--- DATA IN THIS EXERCISE Enclosed Below ---
(* For $\lambda>0$ let $\tilde P_1(\lambda)$ be a random variable on $(0,1)$ with density $$\frac{\lambda}{\sqrt{2\pi}}\,p^{-1/2}(1-p)^{-3/2}\exp\Big(-\frac{\lambda^2}{2}\frac{p}{1-p}\Big),\quad 0<p<1,$$ and let $\mu(q\,\|\,\lambda)=\mathbb E[\tilde P_1(\lambda)^q]$. Then for each $\lambda>0$ and $q>-\tfrac12$, $$\mu(q\,\|\,\lambda)=\mathbb E\Big[\Big(\frac{B_1^2}{\lambda^2+B_1^2}\Big)^q\Big]=\mathbb E(|B_1|^{2q})\,h_{-2q}(\lambda),$$ where $B_1$ is standard Gaussian, $\mathbb E(|B_1|^{2q})=2^q\Gamma(q+\tfrac12)/\Gamma(\tfrac12)$, and $h_{-2q}$ is the Hermite function. Moreover, for $q>0$, $$\mu(q\,\|\,\lambda)=\mathbb E\big[\exp(-\lambda\sqrt{2\Gamma_q})\big],$$ where $\Gamma_q$ has the gamma density $\Gamma(q)^{-1}t^{q-1}e^{-t}$ on $t>0$.
   Context: The density above is the structural density (law of the frequency of the class containing 1) of the random partition generated by uniform sampling from the excursion intervals of a standard Brownian motion on $[0,1]$ conditioned on its local time at $0$ up to time $1$ being $\lambda$. Hermite function: $h_0(\lambda)=1$, and for $q\notin\{0,1,2,\dots\}$, $$h_{-2q}(\lambda)=\frac{1}{2\Gamma(2q)}\sum_{j=0}^\infty\Gamma\big(q+\tfrac j2\big)2^{q+j/2}\frac{(-\lambda)^j}{j!}.$$ *)

theory Defs
  imports "HOL-Probability.Probability"
begin

definition P1_density :: "real \<Rightarrow> real \<Rightarrow> real" where
  "P1_density lam p =
     lam / sqrt (2 * pi) * p powr (-1/2) * (1 - p) powr (-3/2)
       * exp (- (lam^2 / 2) * (p / (1 - p)))"

definition mu_moment :: "real \<Rightarrow> real \<Rightarrow> real" where
  "mu_moment q lam = (LINT p:{0<..<1}|lborel. p powr q * P1_density lam p)"

definition hermite_fun :: "real \<Rightarrow> real \<Rightarrow> real" where
  "hermite_fun nu lam =
     (if nu = 0 then 1
      else (let q = - nu / 2 in
        1 / (2 * Gamma (2 * q)) *
        (\<Sum>j. Gamma (q + real j / 2) * 2 powr (q + real j / 2) * (- lam) ^ j / fact j)))"

end

theory Submission
  imports Defs
begin

text \<open>
  The substitution \<open>p = x\<^sup>2 / (lam\<^sup>2 + x\<^sup>2)\<close> maps \<open>(0, \<infinity>)\<close> onto \<open>(0, 1)\<close> and turns the density of
  \<open>P1~(lam)\<close> into twice the standard normal density, so the moment is
  \<open>E[(B\<^sup>2 / (lam\<^sup>2 + B\<^sup>2)) powr q]\<close>. Writing \<open>Gamma (q + 1) * (1 + lam\<^sup>2 / x\<^sup>2) powr (- q)\<close> as a gamma
  integral in \<open>t\<close> and integrating over \<open>x\<close> first, one meets the Gaussian kernel
  \<open>E[(1 + lam\<^sup>2 / B\<^sup>2) exp (- t lam\<^sup>2 / B\<^sup>2)] = exp (- lam sqrt (2t)) (1 + lam / sqrt (2t))\<close>, computed by
  the substitutions \<open>x \<mapsto> \<beta> / x\<close> and \<open>x \<mapsto> x - \<beta> / x\<close>. Hence \<open>Gamma (q + 1)\<close> times the moment is
  \<open>J (q + 1) + lam / sqrt 2 * J (q + 1/2)\<close>, where \<open>J s = \<integral>\<^sub>0\<^sup>\<infinity> t\<^sup>s\<^sup>-\<^sup>1 exp (- t - lam sqrt (2t)) dt\<close>.
  Expanding \<open>exp (- lam sqrt (2t))\<close> in powers of \<open>sqrt t\<close> and integrating termwise gives
  \<open>J s = \<Sum>\<^sub>j Gamma (s + j/2) c\<^sub>j\<close>; the two series telescope to \<open>q \<Sum>\<^sub>j Gamma (q + j/2) c\<^sub>j\<close>, which is the
  Hermite series, and Legendre's duplication formula matches the constants with \<open>E |B|\<^sup>2\<^sup>q\<close>.
  For \<open>q > 0\<close> the same series is \<open>J q\<close>, which is the gamma mixture representation.
\<close>

section \<open>Integration on the real line\<close>

lemma powr_minus_half: "y > 0 \<Longrightarrow> y powr (-1/2) = 1 / sqrt y"
  for y :: real
  by (simp add: powr_minus_divide powr_half_sqrt)

lemma powr_minus_three_halves: "y > 0 \<Longrightarrow> y powr (-3/2) = 1 / (y * sqrt y)"
  for y :: real
  using powr_add[of y 1 "1/2"] by (simp add: powr_minus_divide powr_half_sqrt)

lemma ennreal_eq_divide_if_mult_eq:
  fixes c x :: real and N :: ennreal
  assumes "c > 0" and "ennreal c * N = ennreal x"
  shows "N = ennreal (x / c)"
proof -
  have "ennreal (x / c) = ennreal (1 / c) * ennreal x"
    using assms(1) by (simp add: ennreal_mult'[symmetric])
  also have "\<dots> = ennreal (1 / c) * ennreal c * N"
    by (simp only: assms(2)[symmetric] mult.assoc)
  also have "ennreal (1 / c) * ennreal c = 1"
    using assms(1) by (simp add: ennreal_mult'[symmetric])
  finally show ?thesis by simp
qed
text \<open>Leave the set C along some arc into a vertex z dominated by C, then return from z to C: the return
  walk must leave the vertices dominated by C along an arc b \<rightarrow> a, and the dichotomy forces a to dominate C.\<close>

lemma strong_tournament_absorbing_arc:
  assumes T: "tournament V A" and "U \<subseteq> V" and S: "strongly_connected U A"
    and "C \<subseteq> U" "c\<^sub>0 \<in> C" "C \<noteq> U"
    and dichotomy: "\<forall>x\<in>U - C. (\<forall>c\<in>C. A c x) \<or> (\<forall>c\<in>C. A x c)"
  shows "\<exists>b a. b \<in> U - C \<and> a \<in> U - C \<and> A b a \<and> (\<forall>c\<in>C. A c b) \<and> (\<forall>c\<in>C. A a c)"
proof -
  let ?R = "\<lambda>a b. A a b \<and> a \<in> U \<and> b \<in> U"
  obtain y where y: "y \<in> U - C" using assms(4,6) by blast
  have "?R\<^sup>*\<^sup>* c\<^sub>0 y" using S y assms(4,5) unfolding strongly_connected_def by blast
  then obtain c z where cz: "?R c z" "c \<in> C" "z \<notin> C"
    using rtranclp_crossing[of ?R c\<^sub>0 y "\<lambda>w. w \<in> C"] assms(5) y by blast
  have z_dominated: "\<forall>c\<in>C. A c z"
    using dichotomy cz tournament_asym[OF T] by blast
  have "?R\<^sup>*\<^sup>* z c\<^sub>0" using S cz assms(4,5) unfolding strongly_connected_def by blast
  then obtain b a where ba: "?R b a" "\<forall>c\<in>C. A c b" "\<not> (\<forall>c\<in>C. A c a)"
    using rtranclp_crossing[of ?R z c\<^sub>0 "\<lambda>w. \<forall>c\<in>C. A c w"] z_dominated assms(5)
      tournament_irrefl[OF T] by blast
  have "b \<notin> C" "a \<notin> C" using ba tournament_irrefl[OF T] tournament_asym[OF T] by blast+
  moreover have "\<forall>c\<in>C. A a c" using dichotomy ba \<open>a \<notin> C\<close> by blast
  ultimately show ?thesis using ba by blast
qed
--- End of Enclosed DATA IN THIS EXERCISE ---
- [DESCRIPTION OF THE TASK]
Your task is to list each line of the records with the word "lemma".

- [RESULT]
lemma powr_minus_half: "y > 0 \<Longrightarrow> y powr (-1/2) = 1 / sqrt y"
lemma powr_minus_three_halves: "y > 0 \<Longrightarrow> y powr (-3/2) = 1 / (y * sqrt y)"
lemma ennreal_eq_divide_if_mult_eq:
lemma strong_tournament_absorbing_arc:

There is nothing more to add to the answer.